BEGIN Records shown
(* Let $M\ge1$ and let $q>q_T$ be such that $\alpha(q)=a_1a_2\dots$ is irreducible and $a_1=M$. Then there is a strictly increasing sequence $(m_j)_{j\ge1}$ of positive integers with the following properties: - $a_1\dots a_{m_j}^-$ is fundamental for each $j$; - $m_{j+1}\le 2m_j$ for every $j$; - $m_1=2$ if $M=1$, and $m_1=1$ if $M\ge2$.
   Context: Sequences and word operations. $\Omega_M=\{0,\dots,M\}^{\mathbb N}$, with lexicographic order $\prec$ and left shift $\sigma$; words are compared via $\mathbf c\prec\mathbf d$ iff $\mathbf c0^\infty\prec\mathbf d0^\infty$. For a word $c_1\dots c_k$: - $c_1\dots c_k^\pm=c_1\dots c_{k-1}(c_k\pm1)$; - $\overline{c_1\dots c_k}=(M-c_1)\dots(M-c_k)$, and $\overline{(c_i)}=(M-c_i)$. Quasi-greedy expansion. For $q\in(1,M+1]$, $\alpha(q)$ is the lexicographically largest $(a_i)\in\Omega_M$ not ending in $0^\infty$ with $\sum a_iq^{-i}=1$. Irreducible sequences. Let $\mathbf V=\{(c_i):\overline{(c_i)}\preceq\sigma^n((c_i))\preceq(c_i)\ \forall n\ge0\}$. $(a_i)\in\mathbf V$ is irreducible if for every $j$: whenever $a_j>0$ and $(a_1\dots a_j^-)^\infty\in\mathbf V$, we have $a_1\dots a_j(\overline{a_1\dots a_j}^+)^\infty\prec(a_i)$. Fundamental words. A word $a_1\dots a_m$ ($m\ge2$) is fundamental if $\overline{a_1\dots a_{m-i}}\preceq a_{i+1}\dots a_m\prec a_1\dots a_{m-i}$ for $1\le i<m$. When $M\ge2$, a letter $a_1$ is fundamental if $M-a_1\le a_1<M$. The base $q_T$. Let $\tau_i$ be the parity of the binary digit sum of $i\ge0$. Put $\lambda_i=k+\tau_i-\tau_{i-1}$ if $M=2k$, and $\lambda_i=k+\tau_i$ if $M=2k+1$. Then $\alpha(q_T)=\lambda_1\dots\lambda_N(\overline{\lambda_1\dots\lambda_N}^+)^\infty$ with $N=1$ for even $M$ and $N=2$ for odd $M$. (Equivalently, $\alpha(q_T)=(k+1)(k-1)^\infty$ for $M=2k$, and $\alpha(q_T)=(k+1)(k+1)(kk)^\infty$ for $M=2k+1$.) *)

theory Defs
  imports Complex_Main
begin

text \<open>Conventions: sequences in Omega_M are functions nat => nat, indexed from 0,
  so that the paper's c_1 c_2 ... is c 0, c 1, ...  Words are lists of naturals.\<close>

definition in_Omega :: "nat \<Rightarrow> (nat \<Rightarrow> nat) \<Rightarrow> bool" where
  "in_Omega M c \<longleftrightarrow> (\<forall>i. c i \<le> M)"

definition lex_less :: "(nat \<Rightarrow> nat) \<Rightarrow> (nat \<Rightarrow> nat) \<Rightarrow> bool" where
  "lex_less c d \<longleftrightarrow> (\<exists>n. (\<forall>i<n. c i = d i) \<and> c n < d n)"

definition lex_le :: "(nat \<Rightarrow> nat) \<Rightarrow> (nat \<Rightarrow> nat) \<Rightarrow> bool" where
  "lex_le c d \<longleftrightarrow> lex_less c d \<or> c = d"

definition shift :: "(nat \<Rightarrow> nat) \<Rightarrow> nat \<Rightarrow> (nat \<Rightarrow> nat)" where
  "shift c n = (\<lambda>i. c (i + n))"

definition pad0 :: "nat list \<Rightarrow> (nat \<Rightarrow> nat)" where
  "pad0 w = (\<lambda>i. if i < length w then w ! i else 0)"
END Records shown
About this exercise —
What lines of the data contain the string "that"? List them.

Task output —
(* Let $M\ge1$ and let $q>q_T$ be such that $\alpha(q)=a_1a_2\dots$ is irreducible and $a_1=M$. Then there is a strictly increasing sequence $(m_j)_{j\ge1}$ of positive integers with the following properties: - $a_1\dots a_{m_j}^-$ is fundamental for each $j$; - $m_{j+1}\le 2m_j$ for every $j$; - $m_1=2$ if $M=1$, and $m_1=1$ if $M\ge2$.
  so that the paper's c_1 c_2 ... is c 0, c 1, ...  Words are lists of naturals.\<close>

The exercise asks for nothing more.